== Record excerpts

lemma out_probs_Node_le:
  assumes "distinct (leaves (Node l r))" "stored_prob q l + stored_prob q r \<le> 1"
  defines "L \<equiv> set (leaves l)"
    and "p \<equiv> pmf (bernoulli_pmf (stored_prob q l / (stored_prob q l + stored_prob q r))) True"
  shows "out_prob q (Node l r) X = out_prob q l (X \<inter> L) * out_prob q r (X - L)"
    and "out_root_prob q (Node l r) X
       = p * out_root_prob q l (X \<inter> L) * out_prob q r (X - L)
       + (1 - p) * out_prob q l (X \<inter> L) * out_root_prob q r (X - L)"
proof -
  have fst_out_root_set: "fst x \<subseteq> out_root_set x" for x
    by (auto simp: out_root_set_def)
  note pair = measure_pair_pivot[OF assms(1), of _ _ q X, folded L_def]
  note node = merge_step_def assms(2) case_prod_unfold measure_bind_map_pmf_bool
  show "out_prob q (Node l r) X = out_prob q l (X \<inter> L) * out_prob q r (X - L)"
    using pair[of fst fst, OF fst_out_root_set fst_out_root_set]
    unfolding out_prob_def pivot_Node_pair by (simp add: node left_diff_distrib)
  show "out_root_prob q (Node l r) X
       = p * out_root_prob q l (X \<inter> L) * out_prob q r (X - L)
       + (1 - p) * out_prob q l (X \<inter> L) * out_root_prob q r (X - L)"
    using pair[of out_root_set fst, OF order_refl fst_out_root_set]
      pair[of fst out_root_set, OF fst_out_root_set order_refl]
    unfolding out_prob_def out_root_prob_def pivot_Node_pair by (simp add: node p_def out_root_set_def)
qed

lemma out_probs_Node_gt:
  assumes "distinct (leaves (Node l r))" "\<not> stored_prob q l + stored_prob q r \<le> 1"
  defines "L \<equiv> set (leaves l)"
    and "p \<equiv> pmf (bernoulli_pmf ((1 - stored_prob q l) / (2 - stored_prob q l - stored_prob q r))) True"
  shows "out_prob q (Node l r) X
       = p * out_prob q l (X \<inter> L) * out_root_prob q r (X - L)
       + (1 - p) * out_root_prob q l (X \<inter> L) * out_prob q r (X - L)"
    and "out_root_prob q (Node l r) X = out_root_prob q l (X \<inter> L) * out_root_prob q r (X - L)"
proof -
  have fst_out_root_set: "fst x \<subseteq> out_root_set x" for x
    by (auto simp: out_root_set_def)
  note pair = measure_pair_pivot[OF assms(1), of _ _ q X, folded L_def]
  note node = merge_step_def assms(2) case_prod_unfold measure_bind_map_pmf_bool
  show "out_prob q (Node l r) X
       = p * out_prob q l (X \<inter> L) * out_root_prob q r (X - L)
       + (1 - p) * out_root_prob q l (X \<inter> L) * out_prob q r (X - L)"
    using pair[of out_root_set fst, OF order_refl fst_out_root_set]
      pair[of fst out_root_set, OF fst_out_root_set order_refl]
    unfolding out_prob_def out_root_prob_def pivot_Node_pair by (simp add: node p_def out_root_set_def)
  show "out_root_prob q (Node l r) X = out_root_prob q l (X \<inter> L) * out_root_prob q r (X - L)"
    using pair[of out_root_set out_root_set, OF order_refl order_refl]
    unfolding out_root_prob_def pivot_Node_pair by (simp add: node out_root_set_def insert_commute left_diff_distrib)
qed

====

Reproduce every record in full, keeping each one exactly as it reads.

▶ _Finished task_:
lemma out_probs_Node_le:
  assumes "distinct (leaves (Node l r))" "stored_prob q l + stored_prob q r \<le> 1"
  defines "L \<equiv> set (leaves l)"
    and "p \<equiv> pmf (bernoulli_pmf (stored_prob q l / (stored_prob q l + stored_prob q r))) True"
  shows "out_prob q (Node l r) X = out_prob q l (X \<inter> L) * out_prob q r (X - L)"
    and "out_root_prob q (Node l r) X
       = p * out_root_prob q l (X \<inter> L) * out_prob q r (X - L)
       + (1 - p) * out_prob q l (X \<inter> L) * out_root_prob q r (X - L)"
proof -
  have fst_out_root_set: "fst x \<subseteq> out_root_set x" for x
    by (auto simp: out_root_set_def)
  note pair = measure_pair_pivot[OF assms(1), of _ _ q X, folded L_def]
  note node = merge_step_def assms(2) case_prod_unfold measure_bind_map_pmf_bool
  show "out_prob q (Node l r) X = out_prob q l (X \<inter> L) * out_prob q r (X - L)"
    using pair[of fst fst, OF fst_out_root_set fst_out_root_set]
    unfolding out_prob_def pivot_Node_pair by (simp add: node left_diff_distrib)
  show "out_root_prob q (Node l r) X
       = p * out_root_prob q l (X \<inter> L) * out_prob q r (X - L)
       + (1 - p) * out_prob q l (X \<inter> L) * out_root_prob q r (X - L)"
    using pair[of out_root_set fst, OF order_refl fst_out_root_set]
      pair[of fst out_root_set, OF fst_out_root_set order_refl]
    unfolding out_prob_def out_root_prob_def pivot_Node_pair by (simp add: node p_def out_root_set_def)
qed

lemma out_probs_Node_gt:
  assumes "distinct (leaves (Node l r))" "\<not> stored_prob q l + stored_prob q r \<le> 1"
  defines "L \<equiv> set (leaves l)"
    and "p \<equiv> pmf (bernoulli_pmf ((1 - stored_prob q l) / (2 - stored_prob q l - stored_prob q r))) True"
  shows "out_prob q (Node l r) X
       = p * out_prob q l (X \<inter> L) * out_root_prob q r (X - L)
       + (1 - p) * out_root_prob q l (X \<inter> L) * out_prob q r (X - L)"
    and "out_root_prob q (Node l r) X = out_root_prob q l (X \<inter> L) * out_root_prob q r (X - L)"
proof -
  have fst_out_root_set: "fst x \<subseteq> out_root_set x" for x
    by (auto simp: out_root_set_def)
  note pair = measure_pair_pivot[OF assms(1), of _ _ q X, folded L_def]
  note node = merge_step_def assms(2) case_prod_unfold measure_bind_map_pmf_bool
  show "out_prob q (Node l r) X
       = p * out_prob q l (X \<inter> L) * out_root_prob q r (X - L)
       + (1 - p) * out_root_prob q l (X \<inter> L) * out_prob q r (X - L)"
    using pair[of out_root_set fst, OF order_refl fst_out_root_set]
      pair[of fst out_root_set, OF fst_out_root_set order_refl]
    unfolding out_prob_def out_root_prob_def pivot_Node_pair by (simp add: node p_def out_root_set_def)
  show "out_root_prob q (Node l r) X = out_root_prob q l (X \<inter> L) * out_root_prob q r (X - L)"
    using pair[of out_root_set out_root_set, OF order_refl order_refl]
    unfolding out_root_prob_def pivot_Node_pair by (simp add: node out_root_set_def insert_commute left_diff_distrib)
qed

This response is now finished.